Now, look at the bus load. Figure 1 demonstrates that the highest transient bus load leading to the worst distortion of the Subsystem 2 traffic is caused by the best-case execution time (BCET) of P1, which was not a corner case in subsystem design. It is therefore likely that this system corner case will not be covered in simulation and the system might fail.

This example shows a fundamental performance simulation problem. Simulation patterns from function simulation are not sufficient, because they do not check for the non-functional dependencies of the two functionally unrelated subsystems. The subsystem corner cases are not sufficient as they do not match the system corner cases. The system integrator cannot generate new corner cases because he/she is not aware of what the corresponding worst-case subsystem behavior might be. To make the situation even more complicated, communication of Subsystem 1 in the example is distorted not only by the DSP subsystem but also by its own sensor-to-CPU traffic. Unfortunately, the typical bus standards introduce such non-functional dependencies.

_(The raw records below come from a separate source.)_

text \<open>Groups are written additively (class group_add is not assumed commutative).
 The group is a Hausdorff second countable topological group (type class) which is
 locally compact; lam is a Haar measure which is both left and right invariant
 (unimodularity).\<close>

definition unimodular_lcsc_group ::
  "'g::{topological_group_add, t2_space, second_countable_topology} measure \<Rightarrow> bool" where
  "unimodular_lcsc_group lam \<longleftrightarrow>
     locally_compact_space (euclidean :: 'g topology) \<and>
     sets lam = sets borel \<and>
     (\<forall>K. compact K \<longrightarrow> emeasure lam K < \<infinity>) \<and>
     (\<forall>U. open U \<and> U \<noteq> {} \<longrightarrow> 0 < emeasure lam U) \<and>
     (\<forall>g A. A \<in> sets borel \<longrightarrow>
        emeasure lam ((\<lambda>x. g + x) ` A) = emeasure lam A \<and>
        emeasure lam ((\<lambda>x. x + g) ` A) = emeasure lam A)"

text \<open>act g h w is the action of (g,h) in G x H on Omega.\<close>

definition coupling ::
  "'g::topological_group_add measure \<Rightarrow> 'h::topological_group_add measure \<Rightarrow>
   'w::topological_space measure \<Rightarrow> ('g \<Rightarrow> 'h \<Rightarrow> 'w \<Rightarrow> 'w) \<Rightarrow>
   'x::topological_space measure \<Rightarrow> 'y::topological_space measure \<Rightarrow>
   ('g \<times> 'y \<Rightarrow> 'w) \<Rightarrow> ('h \<times> 'x \<Rightarrow> 'w) \<Rightarrow> bool" where
  "coupling lamG lamH mu act muX muY i j \<longleftrightarrow>
     standard_space mu \<and> standard_space muX \<and> standard_space muY \<and>
     0 < emeasure muX (space muX) \<and> emeasure muX (space muX) < \<infinity> \<and>
     0 < emeasure muY (space muY) \<and> emeasure muY (space muY) < \<infinity> \<and>
     \<comment> \<open>locally bounded Borel action of G x H\<close>
     (\<forall>w. act 0 0 w = w) \<and>
     (\<forall>g1 g2 h1 h2 w. act (g1 + g2) (h1 + h2) w = act g1 h1 (act g2 h2 w)) \<and>
     (\<lambda>p. act (fst (fst p)) (snd (fst p)) (snd p)) \<in> ((borel \<Otimes>\<^sub>M borel) \<Otimes>\<^sub>M mu) \<rightarrow>\<^sub>M mu \<and>
     locally_bounded (\<lambda>p. act (fst (fst p)) (snd (fst p)) (snd p)) \<and>
     \<comment> \<open>i : G x Y -> Omega\<close>
     bij i \<and> i \<in> (lamG \<Otimes>\<^sub>M muY) \<rightarrow>\<^sub>M mu \<and> inv i \<in> mu \<rightarrow>\<^sub>M (lamG \<Otimes>\<^sub>M muY) \<and>
     distr (lamG \<Otimes>\<^sub>M muY) mu i = mu \<and>
     locally_bounded i \<and> locally_bounded (inv i) \<and>
     (AE y in muY. \<forall>g0 g. i (g0 + g, y) = act g0 0 (i (g, y))) \<and>
     \<comment> \<open>j : H x X -> Omega\<close>
     bij j \<and> j \<in> (lamH \<Otimes>\<^sub>M muX) \<rightarrow>\<^sub>M mu \<and> inv j \<in> mu \<rightarrow>\<^sub>M (lamH \<Otimes>\<^sub>M muX) \<and>
     distr (lamH \<Otimes>\<^sub>M muX) mu j = mu \<and>
     locally_bounded j \<and> locally_bounded (inv j) \<and>
     (AE x in muX. \<forall>h0 h. j (h0 + h, x) = act 0 h0 (j (h, x)))"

Unlike standard software, such uncertain behavior is intolerable in embedded systems design especially when life-critical functions are involved. Firing an airbag 10 milliseconds late, for example, consumes roughly half the time it would take your head to hit the steering wheel. Even if lives are not involved, however, such system failures can be costly. They can make products unmarketable, as people are typically not willing to accept an embedded system with the quality of PC software.

One possible answer is to use integration techniques and strategies that avoid non-functional dependencies. The Time Division Multiple Access (TDMA) protocol assigns a fixed time slot to each logic communication channel—i.e., Sens-CPU, CPU-HW, IP-DSP—and remains unused even if the communication is not active. This way, each logic communication channel receives a fixed share of the overall bandwidth regardless of the other subsystems. The discrete time slots introduce jitter, but this jitter can be bounded and may already be considered in component design. This conservative technique is adopted both on the chip level, where it is used, for example, by Sonics Micronetworks, and in larger-scale systems such as the Time-Triggered Protocol (TTP) for safety-critical automotive and aerospace applications (www.ttagroup.org).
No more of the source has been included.